|   On-line: 41



 
D. Banasik: Zastanawiam się, jak mogliśmy przegrać ten mecz?
Niepocieszony po meczu z GKS-em Tychy był trener Radomiaka, Dariusz Banasik. Podczas konferencji prasowej szkoleniowiec ocenił mecz "Zielonych" jako dobry i żałował straconej szansy na awans do kolejnej rundy Totolotek Pucharu Polski.

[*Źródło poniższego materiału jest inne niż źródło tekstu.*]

lemma heard_slot_manchester:
  assumes ideal: "\<forall>w\<in>V. payload p w (m w) (heard w) j = ideal_payload j w"
    and "v \<in> V" "s < num_slots p" "\<not> selected p s v" "j < 2 * h"
  shows "\<forall>i<2 * code_length p. heard v (slot_start p j s + i) =
           (\<exists>w\<in>{w. E v w \<and> selected p s w}. manchester (encode p (ideal_payload j w)) i)"
  using heard_in_slot[OF ideal assms(2,3) _ assms(5)] assms(4) by (auto simp: slot_length_def)

lemma received_subset_ideal:
  assumes ideal: "\<forall>w\<in>V. payload p w (m w) (heard w) j = ideal_payload j w"
    and "j < 2 * h" "v \<in> V"
  shows "received p v (heard v) j \<subseteq> ideal_payload j ` {u. E v u}"
proof
  fix P assume "P \<in> received p v (heard v) j"
  then obtain s where s: "s < num_slots p" "\<not> selected p s v"
      "manchester_valid (code_length p) (heard v) (slot_start p j s)"
    and P: "P = decode p (manchester_decode (code_length p) (heard v) (slot_start p j s))"
    unfolding received_def by blast
  have "\<exists>w\<in>{w. E v w \<and> selected p s w}.
      manchester_decode (code_length p) (heard v) (slot_start p j s) = encode p (ideal_payload j w)"
  proof (rule manchester_decode_superposition)
    show "\<forall>w\<in>{w. E v w \<and> selected p s w}. length (encode p (ideal_payload j w)) = code_length p"
      using code_of_ideal_payload(1)[OF _ \<open>j < 2 * h\<close>] undirected_graph_edgeD[OF G] by blast
  qed (use heard_slot_manchester[OF ideal \<open>v \<in> V\<close> s(1,2) \<open>j < 2 * h\<close>] s(3) code_length_pos in auto)
  then show "P \<in> ideal_payload j ` {u. E v u}"
    using P code_of_ideal_payload(2)[OF _ \<open>j < 2 * h\<close>] undirected_graph_edgeD[OF G] by auto
qed

lemma ideal_in_received:
  assumes ideal: "\<forall>w\<in>V. payload p w (m w) (heard w) j = ideal_payload j w"
    and "j < 2 * h" "v \<in> V" "E v u"
  shows "ideal_payload j u \<in> received p v (heard v) j"
proof -
  have "u \<in> V" using undirected_graph_edgeD[OF G \<open>E v u\<close>] by blast
  obtain s where s: "s < num_slots p" "selected p s u" "\<not> selected p s v"
    and others: "\<forall>w. E v w \<and> w \<noteq> u \<longrightarrow> \<not> selected p s w"
    using isolating_slot[OF \<open>v \<in> V\<close> \<open>E v u\<close>] by blast
  have "\<forall>i<2 * code_length p. heard v (slot_start p j s + i) = manchester (encode p (ideal_payload j u)) i"
    using heard_slot_manchester[OF ideal \<open>v \<in> V\<close> s(1,3) \<open>j < 2 * h\<close>] s(2) others \<open>E v u\<close> by blast
  then have "manchester_valid (code_length p) (heard v) (slot_start p j s) \<and>
      manchester_decode (code_length p) (heard v) (slot_start p j s) = encode p (ideal_payload j u)"
    by (rule manchester_decode_single[OF code_of_ideal_payload(1)[OF \<open>u \<in> V\<close> \<open>j < 2 * h\<close>]])
  then have "ideal_payload j u = decode p (manchester_decode (code_length p) (heard v) (slot_start p j s))"
    and "manchester_valid (code_length p) (heard v) (slot_start p j s)"
    using code_of_ideal_payload(2)[OF \<open>u \<in> V\<close> \<open>j < 2 * h\<close>] by simp_all
  then show ?thesis unfolding received_def using s(1,3) by blast
qed
theorem theorem2:
  fixes n :: nat and \<alpha> :: "'a::{field,finite}"
  assumes "prime n" and "n mod 6 = 1"
    and "card (UNIV :: 'a set) = 2 ^ n"
    and "primitive_elem \<alpha>"
    and "\<exists>F. (\<forall>X\<in>F. f2_dim_subspace 3 X \<and> coset_complete \<alpha> n X)
             \<and> (\<forall>X\<in>F. \<forall>Y\<in>F. X \<noteq> Y \<longrightarrow> disjoint_coset_complete \<alpha> n X Y)
             \<and> 42 * n * card F = 2 ^ n - 2"
  shows "\<exists>S. steiner_structure 2 3 (S :: 'a set set)"
proof -
  obtain F where "\<forall>X\<in>F. f2_dim_subspace 3 X \<and> coset_complete \<alpha> n X"
    "\<forall>X\<in>F. \<forall>Y\<in>F. X \<noteq> Y \<longrightarrow> disjoint_coset_complete \<alpha> n X Y"
    "42 * n * card F = 2 ^ n - 2"
    using assms(5) by blast
  then interpret coset_complete_family n \<alpha> F
    using assms(1,3,4) prime_ge_2_nat by unfold_locales auto
  show ?thesis
    using steiner_structure_steiner_blocks by blast
qed

end
definition flow_space :: "'a topology \<Rightarrow> (real \<Rightarrow> 'a \<Rightarrow> 'a) \<Rightarrow> bool" where
  "flow_space X \<phi> \<longleftrightarrow>
     compact_space X \<and> metrizable_space X \<and> topological_dimension_one X \<and>
     continuous_map (prod_topology euclideanreal X) X (\<lambda>(t, x). \<phi> t x) \<and>
     (\<forall>x\<in>topspace X. \<phi> 0 x = x) \<and>
     (\<forall>s t. \<forall>x\<in>topspace X. \<phi> (s + t) x = \<phi> s (\<phi> t x)) \<and>
     (\<forall>x\<in>topspace X. \<exists>t. \<phi> t x \<noteq> x)"

definition dense_at :: "'a topology \<Rightarrow> (real \<Rightarrow> 'a \<Rightarrow> 'a) \<Rightarrow> 'a \<Rightarrow> bool" where
  "dense_at X \<phi> x \<longleftrightarrow>
     (\<forall>U. openin X U \<and> x \<in> U \<longrightarrow> (\<forall>y\<in>topspace X. \<exists>t>0. \<phi> t y \<in> U))"

text \<open>Circle j (j < k) is the circle of radius j+1 centred at j+1, parametrised
  by t mod 1, all circles touch only at the wedge point 0; the orientation of each
  circle is that of increasing t.\<close>

definition wedge_pt :: "nat \<Rightarrow> real \<Rightarrow> complex" where
  "wedge_pt j t = of_nat (Suc j) * (1 - cis (2 * pi * t))"

definition wedge :: "nat \<Rightarrow> complex set" where
  "wedge k = {wedge_pt j t | j t. j < k}"

definition wedge_top :: "nat \<Rightarrow> complex topology" where
  "wedge_top k = subtopology euclidean (wedge k)"

definition pos_path :: "real set \<Rightarrow> (real \<Rightarrow> complex) \<Rightarrow> bool" where
  "pos_path I \<gamma> \<longleftrightarrow>
     (\<forall>u v j a b. u < v \<and> {u..v} \<subseteq> I \<and> \<gamma> ` {u..v} \<subseteq> wedge_pt j ` {0<..<1} \<and>
        0 < a \<and> a < 1 \<and> 0 < b \<and> b < 1 \<and> \<gamma> u = wedge_pt j a \<and> \<gamma> v = wedge_pt j b
        \<longrightarrow> a < b)"

definition positive_map :: "nat \<Rightarrow> nat \<Rightarrow> (complex \<Rightarrow> complex) \<Rightarrow> bool" where
  "positive_map m k f \<longleftrightarrow>
     continuous_map (wedge_top m) (wedge_top k) f \<and>
     f ` wedge m = wedge k \<and>
     f 0 = 0 \<and>
     (\<forall>j<m. pos_path {0<..<1} (\<lambda>t. f (wedge_pt j t))) \<and>
     (\<forall>z\<in>wedge m - {0}. \<exists>U. openin (wedge_top m) U \<and> z \<in> U \<and> inj_on f U)"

- Moje odczucie jest takie, jak zawodników w szatni. Zastanawiamy się, jak mogliśmy ten mecz przegrać? - rozpoczął Dariusz Banasik. - Graliśmy dobrze, momentami nawet bardzo dobrze; z polotem, akcjami ofensywnymi. Trochę obawialiśmy się meczu w środku tygodnia, a zespół był przygotowany fizycznie. Szkoda, po prostu szkoda, bo nie zagraliśmy złego spotkania - oceniał.

Trenerowi "Zielonych" podobało się to, jak drużyna rozpoczęła mecz, stwarzając sobie kilka dogodnych sytuacji. Dobrze weszliśmy w mecz, szkoda, że nie wykorzystaliśmy sytuacji w pierwszych 20 minutach, gdzie Jałocha bardzo dobrze się zachował, bo mogliśmy zamknąć spotkanie już w pierwszej połowie - przyznał.

Po przerwie udało się w końcu trafić do siatki, a przy wyrównaniu gościom - zdaniem szkoleniowca Radomiaka - nieco pomógł sędzia. - W drugiej połowie strzeliliśmy bramkę, mam trochę pretensje do sędziego, bo straciliśmy bramkę w następstwie stałego fragmentu gry, który przeciwnikom się nie należał. Ewidentny błąd, Kaput przyjmuje piłkę, podbija, a sędzia gwiżdże dziwny rzut wolny pośredni, po którym dostaliśmy bramkę. Ale to nie jest usprawiedliwienie, wiedzieliśmy przecież, że GKS Tychy ma bardzo dobrze opracowane stałe fragmenty gry - wyznał trener Banasik.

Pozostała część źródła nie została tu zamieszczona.